Although Fair Work Australia has found that three Victorian postal workers were ''harshly'' dismissed after being caught using the Australia Post email system to distribute sexually explicit material around their workplace after doing so apparently for some years, it does not give employees elsewhere a green light to do the same.
Fair Work is expected to rule soon to decide if the three should get their jobs back. The Tribunal, in a split decision this month, found that ‘‘special rules'' do not apply to email porn distributors in the workplace and the same unfair dismissal laws apply as with other forms of employee misbehaviour.
Reports of the finding over-simplified the issue and focussed on the explicit material angle when the real issue was Australia Post’s apparent inaction across some years to enforce employee behaviour standards.
Advertisement
It’s really a wakeup call to employers to have a set of behaviour standards, properly convey them to workers and enforce them. The Tribunal seems to be saying you can’t be slack and ignore behaviour like this for years then suddenly sack some workers for doing it.
Employees should not regard it as a green light for sharing porn in the office email system, but at the moment the distribution of explicit material in itself does not seem to be regarded as unacceptable to the social norms in the way theft from the workplace is usually regarded as an automatic sacking offence.
Workplaces should now tighten their policies about the use of business email systems. In particular employers should be vigilant about staff sending explicit material to colleagues because it could be deemed sexual harassment.
The issue of distributing explicit material in workplaces is a “shades of grey” situation as what might be harmless to one person could be highly objectionable to another.
Employers need to set solid ground rules stating the sending of such material is a serious misconduct and repeated offences could lead to an employee’s dismissal.
The men dismissed by Australia Post, worked at Australia Post's Dandenong Letter Centre, and were among 40 workers disciplined by the employer over online activities in 2010.
Advertisement
Media reports stated the three workers, who secured a non-publication order on their names, were sacked after an investigation found a large number of workers involved in accessing and distributing pornographic material, some of it ''hardcore'', around the workplace.
The activity was detected after Australia Post installed a new email software filter on its internal email system which led to the discovery of widespread distribution of ''inappropriate'' material in some of its Melbourne workplaces.
''Most of the material was softcore pornography and no more salacious than material that might be viewed on free to air television almost any night of the week," the tribunal found. A small amount of the material was also classified as hardcore.
The Victorian issue with Australia Post involved a loose workplace culture and how Australia Post finally addressed it, by dismissing three staff members.
After they lost their initial appeal last year against their dismissal, the three workers took their case to the Full Bench of Fair Work Australia.
However one of the three commissioners hearing the case disagreed with his colleagues and backed Australia Post's actions in sacking the men.
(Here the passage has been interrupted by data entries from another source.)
(* Let $\alpha>0$, $\beta,\eta,\kappa\in\mathbb{R}$, $\rho>0$, $p\geq 1$, and $0\le a<x$. Let $f,g$ be two positive functions on $[0,\infty)$ with $f,g\in X^{p}_{c}(a,x)$ (for some $c\in\mathbb{R}$), such that ${}^{\rho}\mathcal{I}^{\alpha,\beta}_{a+,\eta,\kappa}f^{p}(x)<\infty$ and ${}^{\rho}\mathcal{I}^{\alpha,\beta}_{a+,\eta,\kappa}g^{p}(x)<\infty$. Suppose there are real numbers $m,M>0$ with $0<m\leq \frac{f(t)}{g(t)}\leq M$ for all $t\in[a,x]$. Define, for $t\in[a,x]$, $$h(f(t),g(t))=\max\left\{M\left[\left(\frac{M}{m}+1\right)f(t)-Mg(t)\right],\ \frac{(m+M)g(t)-f(t)}{m}\right\}.$$ Then $$\left({}^{\rho}\mathcal{I}^{\alpha,\beta}_{a+,\eta,\kappa}f^{p}(x)\right)^{1/p}+\left({}^{\rho}\mathcal{I}^{\alpha,\beta}_{a+,\eta,\kappa}g^{p}(x)\right)^{1/p}\leq 2\left({}^{\rho}\mathcal{I}^{\alpha,\beta}_{a+,\eta,\kappa}h^{p}(f,g)(x)\right)^{1/p}.$$
   Context: For $c\in\mathbb{R}$ and $1\le p<\infty$, $X^{p}_{c}(a,b)$ denotes the space of Lebesgue measurable functions $f$ on $(a,b)$ with $\left(\int_a^b |t^{c}f(t)|^{p}\,\frac{dt}{t}\right)^{1/p}<\infty$. For $\alpha>0$, $\beta,\eta,\kappa\in\mathbb{R}$, $\rho>0$, $0\le a<x$, and a function $\varphi$, the generalized (Katugampola) fractional integral is $${}^{\rho}\mathcal{I}^{\alpha,\beta}_{a+,\eta,\kappa}\varphi(x)=\frac{\rho^{1-\beta}x^{\kappa}}{\Gamma(\alpha)}\int_{a}^{x}\frac{\tau^{\rho(\eta+1)-1}}{(x^{\rho}-\tau^{\rho})^{1-\alpha}}\varphi(\tau)\,d\tau,$$ whenever the integral exists. ${}^{\rho}\mathcal{I}^{\alpha,\beta}_{a+,\eta,\kappa}h^{p}(f,g)(x)$ denotes the operator applied to $\tau\mapsto h(f(\tau),g(\tau))^p$, evaluated at $x$. *)

theory Defs
  imports "HOL-Analysis.Analysis"
begin

definition Xpc :: "real \<Rightarrow> real \<Rightarrow> real \<Rightarrow> real \<Rightarrow> (real \<Rightarrow> real) \<Rightarrow> bool" where
  "Xpc c p a b f \<longleftrightarrow>
     set_borel_measurable lebesgue {a<..<b} f \<and>
     (\<integral>\<^sup>+ t \<in> {a<..<b}. ennreal (\<bar>t powr c * f t\<bar> powr p / t) \<partial>lebesgue) < \<infinity>"

definition katu_kernel :: "real \<Rightarrow> real \<Rightarrow> real \<Rightarrow> real \<Rightarrow> real \<Rightarrow> real" where
  "katu_kernel \<rho> \<alpha> \<eta> x \<tau> =
     \<tau> powr (\<rho> * (\<eta> + 1) - 1) / (x powr \<rho> - \<tau> powr \<rho>) powr (1 - \<alpha>)"

definition katu_exists :: "real \<Rightarrow> real \<Rightarrow> real \<Rightarrow> real \<Rightarrow> (real \<Rightarrow> real) \<Rightarrow> real \<Rightarrow> bool" where
  "katu_exists \<rho> \<alpha> \<eta> a \<phi> x \<longleftrightarrow>
     set_integrable lebesgue {a..x} (\<lambda>\<tau>. katu_kernel \<rho> \<alpha> \<eta> x \<tau> * \<phi> \<tau>)"

text \<open>Generalized (Katugampola) fractional integral
  rho-I^{alpha,beta}_{a+,eta,kappa} phi (x).\<close>
definition katu_int :: "real \<Rightarrow> real \<Rightarrow> real \<Rightarrow> real \<Rightarrow> real \<Rightarrow> real \<Rightarrow> (real \<Rightarrow> real) \<Rightarrow> real \<Rightarrow> real" where
  "katu_int \<rho> \<alpha> \<beta> \<eta> \<kappa> a \<phi> x =
     \<rho> powr (1 - \<beta>) * x powr \<kappa> / Gamma \<alpha> *
     (\<integral>\<tau>\<in>{a..x}. katu_kernel \<rho> \<alpha> \<eta> x \<tau> * \<phi> \<tau> \<partial>lebesgue)"

end

theory Submission
  imports Defs
begin

text \<open>Pointwise, the ratio bounds give \<open>f \<le> h\<close>, \<open>g \<le> h\<close> and \<open>h \<le> K f\<close> for a constant \<open>K\<close>.
  The last bound makes \<open>h\<^sup>p\<close> admissible for the fractional integral, and the first two,
  together with the positivity of the kernel and of the constant factor, make the fractional
  integral of \<open>h\<^sup>p\<close> dominate those of \<open>f\<^sup>p\<close> and \<open>g\<^sup>p\<close>; taking \<open>p\<close>-th roots and adding gives
  the inequality.\<close>

definition ratio_majorant :: "real \<Rightarrow> real \<Rightarrow> real \<Rightarrow> real \<Rightarrow> real" where
  "ratio_majorant m M u v = max (M * ((M / m + 1) * u - M * v)) (((m + M) * v - u) / m)"

context
  fixes m M u v :: real
  assumes m_pos: "m > 0" and M_pos: "M > 0" and v_nonneg: "v \<ge> 0"
    and lower: "m * v \<le> u" and upper: "u \<le> M * v"
begin

lemma ratio_bounded_nonneg: "u \<ge> 0"
  using m_pos v_nonneg lower by (smt (verit) mult_nonneg_nonneg)

lemma ratio_majorant_ge_right: "v \<le> ratio_majorant m M u v"
proof -
  have "v \<le> ((m + M) * v - u) / m"
    using m_pos upper by (simp add: field_simps)
  then show ?thesis
    unfolding ratio_majorant_def by simp
qed

lemma ratio_majorant_ge_left: "u \<le> ratio_majorant m M u v"
proof (cases "M \<ge> 1")
  case True
  have "M * M * v \<le> (M * M / m) * u"
    using mult_left_mono[OF lower, of "M * M / m"] m_pos M_pos by (simp add: field_simps)
  moreover have "u \<le> M * u"
    using True ratio_bounded_nonneg mult_right_mono[of 1 M u] by simp
  ultimately have "u \<le> M * ((M / m + 1) * u - M * v)"
    by (simp add: algebra_simps)
  then show ?thesis
    unfolding ratio_majorant_def by simp
next
  case False
  have "u \<le> v"
    using False v_nonneg upper mult_right_mono[of M 1 v] by linarith
  then have "m * u + u \<le> m * v + M * v"
    using m_pos upper by (smt (verit) mult_left_mono)
  then have "u \<le> ((m + M) * v - u) / m"
    using m_pos by (simp add: field_simps)
  then show ?thesis
    unfolding ratio_majorant_def by simp
qed

lemma ratio_majorant_le: "ratio_majorant m M u v \<le> max (M * (M / m + 1)) ((m + M) / m\<^sup>2) * u"
proof -
  let ?K = "max (M * (M / m + 1)) ((m + M) / m\<^sup>2)"
  have first: "M * ((M / m + 1) * u - M * v) \<le> M * (M / m + 1) * u"
    using M_pos v_nonneg by (simp add: algebra_simps)
  have "(m + M) * v \<le> (m + M) * (u / m)"
    using m_pos M_pos lower by (intro mult_left_mono) (simp_all add: field_simps)
  then have "((m + M) * v - u) / m \<le> (m + M) * (u / m) / m"
    using m_pos ratio_bounded_nonneg by (intro divide_right_mono) auto
  also have "\<dots> = (m + M) / m\<^sup>2 * u"
    by (simp add: power2_eq_square)
  finally have second: "((m + M) * v - u) / m \<le> (m + M) / m\<^sup>2 * u" .
  have "M * (M / m + 1) * u \<le> ?K * u" "(m + M) / m\<^sup>2 * u \<le> ?K * u"
    using ratio_bounded_nonneg by (intro mult_right_mono; simp)+
  then show ?thesis
    using first second unfolding ratio_majorant_def by linarith
qed

lemma ratio_majorant_powr_bounds:
  assumes "p \<ge> 0"
  shows "u powr p \<le> ratio_majorant m M u v powr p"
    and "v powr p \<le> ratio_majorant m M u v powr p"
    and "ratio_majorant m M u v powr p \<le> max (M * (M / m + 1)) ((m + M) / m\<^sup>2) powr p * u powr p"
proof -
  show "u powr p \<le> ratio_majorant m M u v powr p" "v powr p \<le> ratio_majorant m M u v powr p"
    using assms ratio_majorant_ge_left ratio_majorant_ge_right ratio_bounded_nonneg v_nonneg
    by (auto intro: powr_mono2)
  have "ratio_majorant m M u v powr p \<le> (max (M * (M / m + 1)) ((m + M) / m\<^sup>2) * u) powr p"
    using assms ratio_majorant_le ratio_majorant_ge_left ratio_bounded_nonneg
    by (intro powr_mono2) auto
  also have "\<dots> = max (M * (M / m + 1)) ((m + M) / m\<^sup>2) powr p * u powr p"
    using ratio_bounded_nonneg by (simp add: powr_mult)
  finally show "ratio_majorant m M u v powr p \<le> max (M * (M / m + 1)) ((m + M) / m\<^sup>2) powr p * u powr p" .
qed

end

lemma Xpc_set_borel_measurable_closed:
  assumes "Xpc c p a b f" and "a < b"
  shows "set_borel_measurable lebesgue {a..b} f"
proof -
  have open_part: "(\<lambda>t. indicator {a<..<b} t *\<^sub>R f t) \<in> borel_measurable lebesgue"
    using assms(1) unfolding Xpc_def set_borel_measurable_def by auto
  have "(\<lambda>t. indicator {a..b} t *\<^sub>R f t) =
      (\<lambda>t. indicator {a<..<b} t *\<^sub>R f t + indicator {a} t * f a + indicator {b} t * f b)"
    using assms(2) by (auto simp: indicator_def fun_eq_iff)
  also have "\<dots> \<in> borel_measurable lebesgue"
    using open_part by (intro borel_measurable_add borel_measurable_times borel_measurable_indicator) auto
  finally show ?thesis
    unfolding set_borel_measurable_def .
qed

lemma set_borel_measurable_iff_restrict_space:
  fixes f :: "'a \<Rightarrow> 'b::real_normed_vector"
  assumes "S \<in> sets M"
  shows "set_borel_measurable M S f \<longleftrightarrow> f \<in> borel_measurable (restrict_space M S)"
  using assms unfolding set_borel_measurable_def
  by (subst borel_measurable_restrict_space_iff) auto

lemma set_borel_measurable_ratio_majorant_powr:
  assumes S: "S \<in> sets M"
    and "set_borel_measurable M S f" and "set_borel_measurable M S g"
  shows "set_borel_measurable M S (\<lambda>t. ratio_majorant m M' (f t) (g t) powr p)"
proof -
  note [measurable] = assms(2,3)[unfolded set_borel_measurable_iff_restrict_space[OF S]]
  show ?thesis
    unfolding set_borel_measurable_iff_restrict_space[OF S] ratio_majorant_def by measurable
qed

lemma katu_kernel_nonneg: "katu_kernel \<rho> \<alpha> \<eta> x \<tau> \<ge> 0"
  unfolding katu_kernel_def by simp

lemma katu_kernel_borel_measurable: "katu_kernel \<rho> \<alpha> \<eta> x \<in> borel_measurable lebesgue"
proof -
  have "katu_kernel \<rho> \<alpha> \<eta> x \<in> borel_measurable borel"
    unfolding katu_kernel_def by measurable
  then show ?thesis
    using measurable_compose[OF id_borel_measurable_lebesgue] by (simp add: o_def)
qed

lemma katu_exists_dominated:
  assumes "katu_exists \<rho> \<alpha> \<eta> a \<phi> x"
    and "set_borel_measurable lebesgue {a..x} \<psi>"
    and "\<And>t. t \<in> {a..x} \<Longrightarrow> \<bar>\<psi> t\<bar> \<le> K * \<phi> t"
  shows "katu_exists \<rho> \<alpha> \<eta> a \<psi> x"
  unfolding katu_exists_def
proof (rule set_integrable_bound)
  let ?k = "katu_kernel \<rho> \<alpha> \<eta> x"
  show "set_integrable lebesgue {a..x} (\<lambda>t. K * (?k t * \<phi> t))"
    using assms(1) unfolding katu_exists_def by simp
  have interval: "{a..x} \<in> sets lebesgue"
    by simp
  show "set_borel_measurable lebesgue {a..x} (\<lambda>t. ?k t * \<psi> t)"
    using assms(2) measurable_restrict_space1[OF katu_kernel_borel_measurable]
    unfolding set_borel_measurable_iff_restrict_space[OF interval]
    by (rule borel_measurable_times[rotated])
  have "norm (?k t * \<psi> t) \<le> norm (K * (?k t * \<phi> t))" if "t \<in> {a..x}" for t
  proof -
    have "norm (?k t * \<psi> t) = ?k t * \<bar>\<psi> t\<bar>"
      by (simp add: abs_mult katu_kernel_nonneg)
    also have "\<dots> \<le> ?k t * (K * \<phi> t)"
      using assms(3)[OF that] katu_kernel_nonneg by (rule mult_left_mono)
    also have "\<dots> \<le> norm (K * (?k t * \<phi> t))"
      by (simp add: mult_ac)
    finally show ?thesis .
  qed
  then show "AE t in lebesgue. t \<in> {a..x} \<longrightarrow> norm (?k t * \<psi> t) \<le> norm (K * (?k t * \<phi> t))"
    by simp
qed

lemma katu_int_factor_nonneg:
  fixes \<alpha> \<beta> \<kappa> \<rho> x :: real
  assumes "\<alpha> > 0"
  shows "\<rho> powr (1 - \<beta>) * x powr \<kappa> / Gamma \<alpha> \<ge> 0"
  using Gamma_real_pos[OF assms] by (simp add: zero_le_divide_iff)

lemma katu_int_nonneg:
  assumes "\<alpha> > 0" and "\<And>t. t \<in> {a..x} \<Longrightarrow> \<phi> t \<ge> 0"
  shows "katu_int \<rho> \<alpha> \<beta> \<eta> \<kappa> a \<phi> x \<ge> 0"
proof -
  have "(\<integral>\<tau>\<in>{a..x}. katu_kernel \<rho> \<alpha> \<eta> x \<tau> * \<phi> \<tau> \<partial>lebesgue) \<ge> 0"
    unfolding set_lebesgue_integral_def using assms(2) katu_kernel_nonneg
    by (intro Bochner_Integration.integral_nonneg) (simp add: indicator_def)
  then show ?thesis
    unfolding katu_int_def by (intro mult_nonneg_nonneg katu_int_factor_nonneg assms(1))
qed

lemma katu_int_mono:
  assumes "\<alpha> > 0"
    and "katu_exists \<rho> \<alpha> \<eta> a \<phi> x" and "katu_exists \<rho> \<alpha> \<eta> a \<psi> x"
    and "\<And>t. t \<in> {a..x} \<Longrightarrow> \<phi> t \<le> \<psi> t"
  shows "katu_int \<rho> \<alpha> \<beta> \<eta> \<kappa> a \<phi> x \<le> katu_int \<rho> \<alpha> \<beta> \<eta> \<kappa> a \<psi> x"
proof -
  have "(\<integral>\<tau>\<in>{a..x}. katu_kernel \<rho> \<alpha> \<eta> x \<tau> * \<phi> \<tau> \<partial>lebesgue)
      \<le> (\<integral>\<tau>\<in>{a..x}. katu_kernel \<rho> \<alpha> \<eta> x \<tau> * \<psi> \<tau> \<partial>lebesgue)"
    using assms(2,3,4) katu_kernel_nonneg unfolding katu_exists_def
    by (intro set_integral_mono) (auto intro: mult_left_mono)
  then show ?thesis
    unfolding katu_int_def using katu_int_factor_nonneg[OF assms(1)] by (intro mult_left_mono)
qed

lemma katu_int_powr_mono:
  assumes "\<alpha> > 0" and "q \<ge> 0"
    and "katu_exists \<rho> \<alpha> \<eta> a \<phi> x" and "katu_exists \<rho> \<alpha> \<eta> a \<psi> x"
    and "\<And>t. t \<in> {a..x} \<Longrightarrow> 0 \<le> \<phi> t" and "\<And>t. t \<in> {a..x} \<Longrightarrow> \<phi> t \<le> \<psi> t"
  shows "katu_int \<rho> \<alpha> \<beta> \<eta> \<kappa> a \<phi> x powr q \<le> katu_int \<rho> \<alpha> \<beta> \<eta> \<kappa> a \<psi> x powr q"
  using assms by (intro powr_mono2 katu_int_nonneg katu_int_mono) auto

theorem theorem15:
  fixes \<alpha> \<beta> \<eta> \<kappa> \<rho> p a x c m M :: real
    and f g :: "real \<Rightarrow> real"
  assumes "\<alpha> > 0" and "\<rho> > 0" and "p \<ge> 1" and "0 \<le> a" and "a < x"
    and "\<And>t. t \<ge> 0 \<Longrightarrow> f t > 0" and "\<And>t. t \<ge> 0 \<Longrightarrow> g t > 0"
    and "Xpc c p a x f" and "Xpc c p a x g"
    and "katu_exists \<rho> \<alpha> \<eta> a (\<lambda>t. f t powr p) x"
    and "katu_exists \<rho> \<alpha> \<eta> a (\<lambda>t. g t powr p) x"
    and "m > 0" and "M > 0"
    and "\<And>t. t \<in> {a..x} \<Longrightarrow> m \<le> f t / g t \<and> f t / g t \<le> M"
  shows "let h = (\<lambda>t. max (M * ((M / m + 1) * f t - M * g t)) (((m + M) * g t - f t) / m)) in
     (katu_int \<rho> \<alpha> \<beta> \<eta> \<kappa> a (\<lambda>t. f t powr p) x) powr (1 / p)
     + (katu_int \<rho> \<alpha> \<beta> \<eta> \<kappa> a (\<lambda>t. g t powr p) x) powr (1 / p)
     \<le> 2 * (katu_int \<rho> \<alpha> \<beta> \<eta> \<kappa> a (\<lambda>t. h t powr p) x) powr (1 / p)"
proof -
  let ?h = "\<lambda>t. ratio_majorant m M (f t) (g t)"
  have interval: "{a..x} \<in> sets lebesgue"
    by simp
  have "m * g t \<le> f t" "f t \<le> M * g t" "0 \<le> g t" if "t \<in> {a..x}" for t
    using that assms(4) assms(6,7,14)[of t] by (auto simp: field_simps)
  note majorant = ratio_majorant_powr_bounds[OF assms(12,13) this(3,1,2), of _ p]
  have "1 / p \<ge> 0" "p \<ge> 0"
    using assms(3) by simp_all
  have h_exists: "katu_exists \<rho> \<alpha> \<eta> a (\<lambda>t. ?h t powr p) x"
    using assms(10) set_borel_measurable_ratio_majorant_powr[OF interval
        Xpc_set_borel_measurable_closed[OF assms(8,5)] Xpc_set_borel_measurable_closed[OF assms(9,5)]]
    by (rule katu_exists_dominated) (use majorant(3) \<open>p \<ge> 0\<close> in simp)
  have "katu_int \<rho> \<alpha> \<beta> \<eta> \<kappa> a (\<lambda>t. f t powr p) x powr (1 / p)
      \<le> katu_int \<rho> \<alpha> \<beta> \<eta> \<kappa> a (\<lambda>t. ?h t powr p) x powr (1 / p)"
    using majorant(1) \<open>p \<ge> 0\<close>
    by (intro katu_int_powr_mono[OF assms(1) \<open>1 / p \<ge> 0\<close> assms(10) h_exists]) auto
  moreover have "katu_int \<rho> \<alpha> \<beta> \<eta> \<kappa> a (\<lambda>t. g t powr p) x powr (1 / p)
      \<le> katu_int \<rho> \<alpha> \<beta> \<eta> \<kappa> a (\<lambda>t. ?h t powr p) x powr (1 / p)"
    using majorant(2) \<open>p \<ge> 0\<close>
    by (intro katu_int_powr_mono[OF assms(1) \<open>1 / p \<ge> 0\<close> assms(11) h_exists]) auto
  ultimately show ?thesis
    unfolding Let_def ratio_majorant_def by linarith
qed

end
lemma extend_coloring_levels:
  assumes fin: "finite U" and "T \<subseteq> U" "B \<subseteq> U" "T \<inter> B = {}" "T \<union> B \<noteq> {}"
    and gap: "gapless (U - T - B) \<kappa>"
  defines "N \<equiv> top_level (U - T - B) \<kappa> + 1"
  shows "top_level U (extend_coloring T B N \<kappa>) = N" "gapless U (extend_coloring T B N \<kappa>)"
    and "{v \<in> U. extend_coloring T B N \<kappa> v = N} = T" "{v \<in> U. extend_coloring T B N \<kappa> v = - N} = B"
proof -
  let ?K = "extend_coloring T B N \<kappa>"
  have N: "1 \<le> N"
    using top_level_nonneg[of "U - T - B" \<kappa>] fin unfolding N_def by simp
  have below: "\<bar>\<kappa> v\<bar> < N" if "v \<in> U - T - B" for v
    using abs_le_top_level[of "U - T - B" v \<kappa>] fin that unfolding N_def by simp
  have K: "v \<in> T \<Longrightarrow> ?K v = N" "v \<in> B \<Longrightarrow> ?K v = - N" "v \<in> U - T - B \<Longrightarrow> ?K v = \<kappa> v" for v
    using assms(4) unfolding extend_coloring_def by auto
  have K_cases: "v \<in> T \<and> ?K v = N \<or> v \<in> B \<and> ?K v = - N \<or> v \<in> U - T - B \<and> \<bar>?K v\<bar> < N"
    if "v \<in> U" for v
    using that K below[of v] by (cases "v \<in> T"; cases "v \<in> B") auto
  obtain t where t: "t \<in> T \<union> B"
    using assms(5) by blast
  then have "\<bar>?K t\<bar> = N" "t \<in> U"
    using K N assms(2,3) by auto
  show top: "top_level U ?K = N"
  proof (rule top_level_eqI)
    show "\<bar>?K v\<bar> \<le> N" if "v \<in> U" for v
      using K_cases[OF that] N by auto
  qed (use fin N \<open>t \<in> U\<close> \<open>\<bar>?K t\<bar> = N\<close> in auto)
  show "gapless U ?K"
    unfolding gapless_def top
  proof (intro allI impI)
    fix j :: int assume j: "1 \<le> j \<and> j \<le> N"
    show "\<exists>v\<in>U. \<bar>?K v\<bar> = j"
    proof (cases "j = N")
      case False
      then obtain v where "v \<in> U - T - B" "\<bar>\<kappa> v\<bar> = j"
        using gap j unfolding gapless_def N_def by auto
      then show ?thesis
        using K(3) by (intro bexI[of _ v]) auto
    qed (use \<open>t \<in> U\<close> \<open>\<bar>?K t\<bar> = N\<close> in blast)
  qed
  show "{v \<in> U. ?K v = N} = T" "{v \<in> U. ?K v = - N} = B"
    using K_cases K(1,2) N assms(2,3) by fastforce+
qed

lemma proper_preserving_extend_coloring:
  assumes orient: "is_orientation P" and TB: "(T, B) \<in> peak_pairs P"
    and \<kappa>: "\<kappa> \<in> gapless_colorings (induced P (V P - T - B))"
  defines "N \<equiv> top_level (V P - T - B) \<kappa> + 1"
  shows "proper_col P (extend_coloring T B N \<kappa>) \<and> preserves P (extend_coloring T B N \<kappa>)"
  unfolding proper_preserving_iff_half_edges
proof (intro ballI, clarify)
  let ?K = "extend_coloring T B N \<kappa>" and ?W = "V P - T - B"
  fix e x y p q assume e: "e \<in> E P" and h: "(x, y, p, q) \<in> half_edges P e"
  have fin: "finite ?W"
    using is_orientation_finite[OF orient] by simp
  have "1 \<le> N"
    using top_level_nonneg[OF fin, of \<kappa>] unfolding N_def by simp
  have level_cases: "?K u = N \<and> a \<or> ?K u = - N \<and> \<not> a \<or> u \<in> ?W \<and> \<bar>?K u\<bar> < N"
    if "(u, u', a, a') \<in> half_edges P e" for u u' a a'
    using peak_pairsD[OF TB] half_edge_orientation(1)[OF orient e that] e that
      abs_le_top_level[OF fin, of u \<kappa>]
    unfolding extend_coloring_def N_def sink_set_def source_set_def
      is_sink_iff_half_edges is_source_iff_half_edges by force
  show "?K x \<noteq> sgnval P e * ?K y \<and> (p \<longleftrightarrow> sgnval P e * ?K y < ?K x)"
  proof (cases "x \<in> ?W \<and> y \<in> ?W")
    case True
    then have "e \<in> E (induced P ?W)" "(x, y, p, q) \<in> half_edges (induced P ?W) e"
      using e h unfolding half_edges_def by auto
    moreover have "?K x = \<kappa> x" "?K y = \<kappa> y"
      using True unfolding extend_coloring_def by auto
    ultimately show ?thesis
      using \<kappa> proper_preserving_half_edgeD[of "induced P ?W" \<kappa>]
      unfolding gapless_colorings_def by simp
  next
    case False
    have "\<bar>?K u\<bar> = N" if "(u, u', a, a') \<in> half_edges P e" "u \<notin> ?W" for u u' a a'
      using level_cases[OF that(1)] that(2) \<open>1 \<le> N\<close> by auto
    then have "\<bar>?K x\<bar> = N \<or> \<bar>?K y\<bar> = N"
      using False h half_edges_swap[OF h] by blast
    moreover have "?K x = N \<and> p \<or> ?K x = - N \<and> \<not> p \<or> \<bar>?K x\<bar> < N"
      "?K y = N \<and> q \<or> ?K y = - N \<and> \<not> q \<or> \<bar>?K y\<bar> < N"
      using level_cases[OF h] level_cases[OF half_edges_swap[OF h]] by blast+
    ultimately have "?K x \<noteq> (if sgn P e then 1 else - 1) * ?K y \<and>
        (p \<longleftrightarrow> (if sgn P e then 1 else - 1) * ?K y < ?K x)"
      using half_edge_orientation(3,4)[OF orient e h] by (intro half_edge_at_top_level[OF \<open>1 \<le> N\<close>]) auto
    then show ?thesis
      unfolding sgnval_def .
  qed
qed

lemma extend_gapless_coloring:
  assumes orient: "is_orientation P" and TB: "(T, B) \<in> peak_pairs P"
    and \<kappa>: "\<kappa> \<in> gapless_colorings (induced P (V P - T - B))"
  defines "N \<equiv> top_level (V P - T - B) \<kappa> + 1"
  shows "extend_coloring T B N \<kappa> \<in> gapless_colorings P"
    and "top_level (V P) (extend_coloring T B N \<kappa>) = N"
    and "{v \<in> V P. extend_coloring T B N \<kappa> v = N} = T"
    and "{v \<in> V P. extend_coloring T B N \<kappa> v = - N} = B"
    and "restrict (extend_coloring T B N \<kappa>) (V P - T - B) = \<kappa>"
proof -
  have gap: "gapless (V P - T - B) \<kappa>" and ext: "\<kappa> \<in> (V P - T - B) \<rightarrow>\<^sub>E UNIV"
    using \<kappa> unfolding gapless_colorings_def by auto
  note levels = extend_coloring_levels[OF is_orientation_finite[OF orient] peak_pairsD(3-6)[OF TB] gap]
  show "top_level (V P) (extend_coloring T B N \<kappa>) = N"
    and "{v \<in> V P. extend_coloring T B N \<kappa> v = N} = T"
    and "{v \<in> V P. extend_coloring T B N \<kappa> v = - N} = B"
    using levels(1,3,4) unfolding N_def .
  have "extend_coloring T B N \<kappa> \<in> V P \<rightarrow>\<^sub>E UNIV"
    using ext peak_pairsD(3,4)[OF TB] unfolding extend_coloring_def by (auto simp: PiE_iff extensional_def)
  then show "extend_coloring T B N \<kappa> \<in> gapless_colorings P"
    using proper_preserving_extend_coloring[OF orient TB \<kappa>] levels(2)
    unfolding gapless_colorings_def N_def by simp
  show "restrict (extend_coloring T B N \<kappa>) (V P - T - B) = \<kappa>"
    using ext unfolding extend_coloring_def by (force simp: PiE_iff extensional_def)
qed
Fair Work Deputy President Michael Lawler and Commissioner Anna Lee Cribb ruled that bosses could not automatically sack a worker for distributing porn to colleagues. It was a form of misconduct to which the same general principles apply as in all unfair dismissal matters involving misconduct.
The commissioners found that Australia Post should have considered the length of service - between 11 and 17 years - of the men it sacked before it made its decision.
Fair Work also found there was no evidence of harm caused by the three workers sending porn to their friends at work, and particularly that Australia Post had done nothing for several years to enforce its own standards on its workforce and that managers over the years had received the material and done nothing to warn employees that its distribution was against the workplace rules.
So it’s a mistaken perception to think the porn floodgates have been opened in the workplace. It’s really Fair Work telling employers to have policies and rules and enforce them and not allow a culture of indifference to prevail.
It’s a wakeup call for employers to have clear and enforceable policies about the distribution of objectionable, explicit material in the workplace, and enforce them.